-------- Source material

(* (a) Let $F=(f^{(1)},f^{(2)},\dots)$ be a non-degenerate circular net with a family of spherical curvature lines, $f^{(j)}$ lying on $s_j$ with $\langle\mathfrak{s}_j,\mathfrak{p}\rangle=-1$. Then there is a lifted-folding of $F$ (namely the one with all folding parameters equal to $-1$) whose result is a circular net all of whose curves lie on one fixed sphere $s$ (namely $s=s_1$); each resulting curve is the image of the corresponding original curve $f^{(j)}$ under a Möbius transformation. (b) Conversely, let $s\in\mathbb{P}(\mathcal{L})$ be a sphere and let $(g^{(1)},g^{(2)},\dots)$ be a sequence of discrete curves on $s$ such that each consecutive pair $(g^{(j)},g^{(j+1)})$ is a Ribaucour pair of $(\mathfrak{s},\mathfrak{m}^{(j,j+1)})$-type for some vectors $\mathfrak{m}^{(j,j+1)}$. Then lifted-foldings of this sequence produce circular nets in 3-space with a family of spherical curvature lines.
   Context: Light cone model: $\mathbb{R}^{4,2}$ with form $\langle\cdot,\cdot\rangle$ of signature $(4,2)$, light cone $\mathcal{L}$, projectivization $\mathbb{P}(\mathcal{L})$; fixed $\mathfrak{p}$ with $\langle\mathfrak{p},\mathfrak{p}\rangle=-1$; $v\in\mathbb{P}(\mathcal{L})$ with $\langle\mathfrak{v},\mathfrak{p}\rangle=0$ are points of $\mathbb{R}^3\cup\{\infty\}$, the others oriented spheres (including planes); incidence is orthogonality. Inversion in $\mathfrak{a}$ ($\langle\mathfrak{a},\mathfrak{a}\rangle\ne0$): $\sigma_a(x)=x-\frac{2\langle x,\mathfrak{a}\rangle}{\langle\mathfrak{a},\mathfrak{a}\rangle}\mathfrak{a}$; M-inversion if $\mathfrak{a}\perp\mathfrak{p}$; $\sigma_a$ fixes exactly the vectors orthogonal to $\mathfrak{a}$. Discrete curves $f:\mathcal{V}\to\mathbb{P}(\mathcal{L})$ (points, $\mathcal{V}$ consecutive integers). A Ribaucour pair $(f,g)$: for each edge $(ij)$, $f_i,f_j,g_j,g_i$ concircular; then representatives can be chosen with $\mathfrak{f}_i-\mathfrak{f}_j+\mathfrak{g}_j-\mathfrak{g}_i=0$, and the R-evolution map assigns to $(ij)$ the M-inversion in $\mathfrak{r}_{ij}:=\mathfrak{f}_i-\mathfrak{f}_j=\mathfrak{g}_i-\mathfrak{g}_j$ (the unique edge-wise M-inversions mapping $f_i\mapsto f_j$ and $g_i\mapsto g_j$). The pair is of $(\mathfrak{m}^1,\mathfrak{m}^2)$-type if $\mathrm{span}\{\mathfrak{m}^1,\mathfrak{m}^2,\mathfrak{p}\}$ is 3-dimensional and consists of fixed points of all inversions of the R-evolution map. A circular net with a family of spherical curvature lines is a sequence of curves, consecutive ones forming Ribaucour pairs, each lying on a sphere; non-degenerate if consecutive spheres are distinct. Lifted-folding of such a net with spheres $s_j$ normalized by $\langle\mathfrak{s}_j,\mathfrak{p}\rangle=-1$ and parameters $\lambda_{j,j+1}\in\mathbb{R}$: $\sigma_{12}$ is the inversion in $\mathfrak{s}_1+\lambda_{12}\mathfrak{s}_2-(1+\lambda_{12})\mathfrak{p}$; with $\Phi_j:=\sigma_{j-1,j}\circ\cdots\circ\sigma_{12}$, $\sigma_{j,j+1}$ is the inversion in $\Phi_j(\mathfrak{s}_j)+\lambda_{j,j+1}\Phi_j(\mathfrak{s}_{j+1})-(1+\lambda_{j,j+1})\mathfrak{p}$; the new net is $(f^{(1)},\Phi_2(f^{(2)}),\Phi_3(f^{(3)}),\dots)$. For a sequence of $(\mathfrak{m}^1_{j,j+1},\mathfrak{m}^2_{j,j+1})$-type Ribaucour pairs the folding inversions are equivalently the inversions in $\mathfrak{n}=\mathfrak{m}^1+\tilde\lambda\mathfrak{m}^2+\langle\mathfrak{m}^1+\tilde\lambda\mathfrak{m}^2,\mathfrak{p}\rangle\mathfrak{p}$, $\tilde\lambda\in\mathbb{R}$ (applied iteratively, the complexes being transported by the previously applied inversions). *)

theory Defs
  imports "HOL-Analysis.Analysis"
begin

----------------
-------- Source material

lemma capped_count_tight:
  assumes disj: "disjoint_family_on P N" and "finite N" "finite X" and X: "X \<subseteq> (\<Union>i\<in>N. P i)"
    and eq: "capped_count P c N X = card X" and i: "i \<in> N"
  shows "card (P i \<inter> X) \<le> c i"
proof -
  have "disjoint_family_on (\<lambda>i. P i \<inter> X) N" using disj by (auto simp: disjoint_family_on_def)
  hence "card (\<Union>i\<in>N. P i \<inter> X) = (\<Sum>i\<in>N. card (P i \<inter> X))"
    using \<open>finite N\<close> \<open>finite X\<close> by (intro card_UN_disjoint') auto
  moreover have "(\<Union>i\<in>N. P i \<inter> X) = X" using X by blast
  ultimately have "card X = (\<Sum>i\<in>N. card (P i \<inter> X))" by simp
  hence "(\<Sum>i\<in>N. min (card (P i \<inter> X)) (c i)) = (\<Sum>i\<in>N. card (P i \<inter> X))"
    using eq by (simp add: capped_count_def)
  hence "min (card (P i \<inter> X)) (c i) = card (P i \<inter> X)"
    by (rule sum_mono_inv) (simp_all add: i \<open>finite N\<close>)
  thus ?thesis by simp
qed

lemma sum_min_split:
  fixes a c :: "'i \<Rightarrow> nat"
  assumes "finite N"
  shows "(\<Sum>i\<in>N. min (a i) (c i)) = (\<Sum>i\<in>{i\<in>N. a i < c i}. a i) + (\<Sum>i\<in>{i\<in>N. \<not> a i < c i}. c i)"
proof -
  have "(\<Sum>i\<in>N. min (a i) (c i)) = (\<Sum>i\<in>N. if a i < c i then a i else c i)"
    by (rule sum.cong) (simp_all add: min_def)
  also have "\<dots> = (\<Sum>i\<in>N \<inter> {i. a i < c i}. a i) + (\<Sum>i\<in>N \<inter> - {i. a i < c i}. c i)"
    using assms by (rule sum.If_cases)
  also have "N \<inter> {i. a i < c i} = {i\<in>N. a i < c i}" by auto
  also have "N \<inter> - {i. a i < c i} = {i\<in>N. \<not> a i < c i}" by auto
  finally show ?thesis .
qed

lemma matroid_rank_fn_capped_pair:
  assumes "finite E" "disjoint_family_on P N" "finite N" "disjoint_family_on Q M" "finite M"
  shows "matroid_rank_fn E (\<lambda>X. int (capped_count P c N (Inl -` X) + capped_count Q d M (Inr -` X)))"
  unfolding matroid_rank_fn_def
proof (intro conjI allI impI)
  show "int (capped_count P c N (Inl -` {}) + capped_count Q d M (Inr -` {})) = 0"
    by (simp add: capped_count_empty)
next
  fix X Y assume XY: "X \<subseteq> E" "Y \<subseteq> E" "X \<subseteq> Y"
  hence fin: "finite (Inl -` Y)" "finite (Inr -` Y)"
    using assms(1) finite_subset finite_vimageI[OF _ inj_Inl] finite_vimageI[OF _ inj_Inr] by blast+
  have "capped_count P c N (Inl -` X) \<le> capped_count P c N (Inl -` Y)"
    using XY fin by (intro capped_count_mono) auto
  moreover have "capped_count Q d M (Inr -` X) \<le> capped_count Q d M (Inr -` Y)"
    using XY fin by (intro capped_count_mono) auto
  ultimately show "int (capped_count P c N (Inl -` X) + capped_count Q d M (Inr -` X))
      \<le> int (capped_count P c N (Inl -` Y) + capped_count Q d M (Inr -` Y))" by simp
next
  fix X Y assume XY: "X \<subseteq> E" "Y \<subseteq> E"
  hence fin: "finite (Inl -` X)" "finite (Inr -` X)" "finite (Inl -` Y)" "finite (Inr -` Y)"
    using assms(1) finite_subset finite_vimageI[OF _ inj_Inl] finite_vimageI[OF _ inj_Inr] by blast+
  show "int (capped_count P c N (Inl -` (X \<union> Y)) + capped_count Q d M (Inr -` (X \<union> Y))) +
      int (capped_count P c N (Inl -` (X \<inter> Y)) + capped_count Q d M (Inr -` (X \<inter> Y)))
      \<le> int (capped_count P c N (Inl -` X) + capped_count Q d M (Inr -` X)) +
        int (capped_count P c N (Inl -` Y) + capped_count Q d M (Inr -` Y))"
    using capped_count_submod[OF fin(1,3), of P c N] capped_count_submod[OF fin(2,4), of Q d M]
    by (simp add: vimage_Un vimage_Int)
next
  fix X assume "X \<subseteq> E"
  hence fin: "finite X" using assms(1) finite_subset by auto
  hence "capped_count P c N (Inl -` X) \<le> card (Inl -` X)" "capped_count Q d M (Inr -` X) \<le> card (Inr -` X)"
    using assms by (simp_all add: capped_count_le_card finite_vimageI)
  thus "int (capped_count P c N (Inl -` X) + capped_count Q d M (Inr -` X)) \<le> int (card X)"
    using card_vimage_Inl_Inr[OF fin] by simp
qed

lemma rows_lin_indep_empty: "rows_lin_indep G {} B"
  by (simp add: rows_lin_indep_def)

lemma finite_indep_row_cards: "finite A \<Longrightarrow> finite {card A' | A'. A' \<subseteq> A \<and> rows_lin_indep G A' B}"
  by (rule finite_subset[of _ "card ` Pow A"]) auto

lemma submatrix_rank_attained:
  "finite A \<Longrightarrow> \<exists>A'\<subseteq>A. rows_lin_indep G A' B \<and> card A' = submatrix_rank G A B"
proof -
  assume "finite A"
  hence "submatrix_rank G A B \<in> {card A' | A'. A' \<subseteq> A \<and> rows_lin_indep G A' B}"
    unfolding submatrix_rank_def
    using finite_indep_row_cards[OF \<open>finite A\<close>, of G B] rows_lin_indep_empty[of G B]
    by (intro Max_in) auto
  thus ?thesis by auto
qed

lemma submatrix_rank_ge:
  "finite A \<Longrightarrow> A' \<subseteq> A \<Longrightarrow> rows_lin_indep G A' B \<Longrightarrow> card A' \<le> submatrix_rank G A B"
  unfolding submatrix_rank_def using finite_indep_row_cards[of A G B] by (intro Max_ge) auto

----------------

Scan the data above for the string "thesis". Copy every line in which it appears.

## [Solution below]
  thus ?thesis by simp
  finally show ?thesis .
  thus ?thesis by auto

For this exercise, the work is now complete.